If you want to read more about my development progress during November you can check out Novelopments three Dev Logs. One thing missing is that I had to add a “emergency security fix” a couple days after the end of the event, to correctly escape commit messages - novelopment uses Jinja2, and that does not autoescape input by default, which screwed up the layout of the epub exports. 😬
Apart from the artistic aspect of the event, I was also motivated to use it as an excuse to learn more about Natural Language Generation (NLG). While many may immediately think about the prompt based neural network language models like GPT-3 or ChatGPT, rule-based NLG is much older and has been fascinated researchers since ELIZA appeared in the 1960s. I have been into this kind of stuff since I wrote my own little chatbot B.I.L.L. in PHP when I was 16 years old. Learning from its chat partners, it quickly became pretty… NSFW. I should have probably told Microsoft and Facebook about this issue…

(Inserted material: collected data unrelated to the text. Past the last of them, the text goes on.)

theorem mainTheorem2:
  fixes M :: "'w measure"
    and F :: "nat \<Rightarrow> 'w measure"
    and Rstar :: "'a::euclidean_space \<Rightarrow> 'a"
    and R :: "nat \<Rightarrow> 'w \<Rightarrow> 'a \<Rightarrow> 'a"
    and x :: "nat \<Rightarrow> 'w \<Rightarrow> 'a"
    and \<gamma> :: "nat \<Rightarrow> real"
  assumes "prob_space M"
    and "continuous_on UNIV Rstar"
    and "quasinonexpansive Rstar"
    and "\<And>k. \<gamma> k \<in> {0..1}"
    and "\<not> summable (\<lambda>k. \<gamma> k * (1 - \<gamma> k))"
    and "\<And>k w. w \<in> space M \<Longrightarrow>
           x (Suc k) w = (1 - \<gamma> k) *\<^sub>R x k w + \<gamma> k *\<^sub>R R k w (x k w)"
    and "filtration (space M) F"
    and "\<And>k. subalgebra M (F k)"
    and "\<And>k. x k \<in> borel_measurable (F k)"
    and "\<And>k. (\<lambda>w. R k w (x k w)) \<in> borel_measurable M"
    and "AE w in M. bounded (range (\<lambda>k. x k w))"
    and "AE w in M. (\<Sum>k. ennreal (\<gamma> k) *
           nn_cond_exp M (F k) (\<lambda>v. ennreal (norm (R k v (x k v) - Rstar (x k v)))) w) < \<infinity>"
  shows "\<exists>xdag. xdag \<in> borel_measurable M \<and>
           (AE w in M. xdag w \<in> Fix Rstar \<and> (\<lambda>k. x k w) \<longlonglongrightarrow> xdag w)"
proof -
  interpret prob_space M by fact
  have \<gamma>_nonneg: "0 \<le> \<gamma> k" for k
    using assms(4)[of k] by simp
  have x_M: "x k \<in> borel_measurable M" for k
    using assms(8,9) by (rule measurable_from_subalg)
  have "Rstar \<in> borel_measurable borel"
    using assms(2) by (rule borel_measurable_continuous_onI)
  then have error_M: "(\<lambda>v. ennreal (norm (R k v (x k v) - Rstar (x k v)))) \<in> borel_measurable M" for k
    using assms(10)[of k] x_M[of k] by measurable
  have "AE w in M. (\<Sum>k. ennreal (\<gamma> k) * ennreal (norm (R k w (x k w) - Rstar (x k w)))) < \<infinity>"
    using AE_suminf_less_top_if_nn_cond_exp[OF assms(7,8) error_M assms(12)] .
  then have "AE w in M. summable (\<lambda>k. \<gamma> k * norm (R k w (x k w) - Rstar (x k w)))"
    by eventually_elim (auto intro!: summable_suminf_not_top simp: ennreal_mult \<gamma>_nonneg)
  then have "AE w in M. \<exists>z. Rstar z = z \<and> (\<lambda>k. x k w) \<longlonglongrightarrow> z"
    using AE_space
  proof eventually_elim
    case (elim w)
    then have "KM_iteration Rstar \<gamma> (\<lambda>k. R k w (x k w)) (\<lambda>k. x k w)"
      using assms(3,4,6) by unfold_locales auto
    then show ?case
      using assms(2,5) by (rule KM_iteration_tendsto_fixpoint)
  qed
  then have "AE w in M. lim (\<lambda>k. x k w) \<in> Fix Rstar \<and> (\<lambda>k. x k w) \<longlonglongrightarrow> lim (\<lambda>k. x k w)"
    by eventually_elim (auto simp: Fix_def limI)
  moreover have "(\<lambda>w. lim (\<lambda>k. x k w)) \<in> borel_measurable M"
    using x_M by (rule borel_measurable_lim_metric)
  ultimately show ?thesis
    by blast
qed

Anyway, todays most popular library for the so called (surface) realization is SimpleNLG (created in 2009), which has been ported from Java to many other languages, among them Python, and which I also used for Novelopment. Novelopment tries to follow the 6 stages of NLG (adding a 0th stage of “Data mining” at the beginning), which I also cover in Dev Log entry 2. To learn more about the current state of the art of NLG I recommend to check out the very interesting blog of the original author of SimpleNLG Edud Reiter.
Next year I’d definitely like to join again. Maybe I’ll sprinkle some machine learning over my project - something like the smallest possible neural network that still can produce something novel-ish? Maybe something entirely different.
Regarding this blog I’d like to post more, smaller blog post this year.
This blog post is mainly motivated by the fact that I boldly signed up to “Bring Back Blogging”.
Pledging to write 3 articles in January seemed easy enough in December, despite my terrible track record.
But that was promptly followed by a broken elbow at the start of January, which was quite a blow to my blogging ambitions (and maybe also an attempted divine intervention? That didn’t work!). But here we are, on January 31st, with a nearly healed elbow and at least one post. More to follow!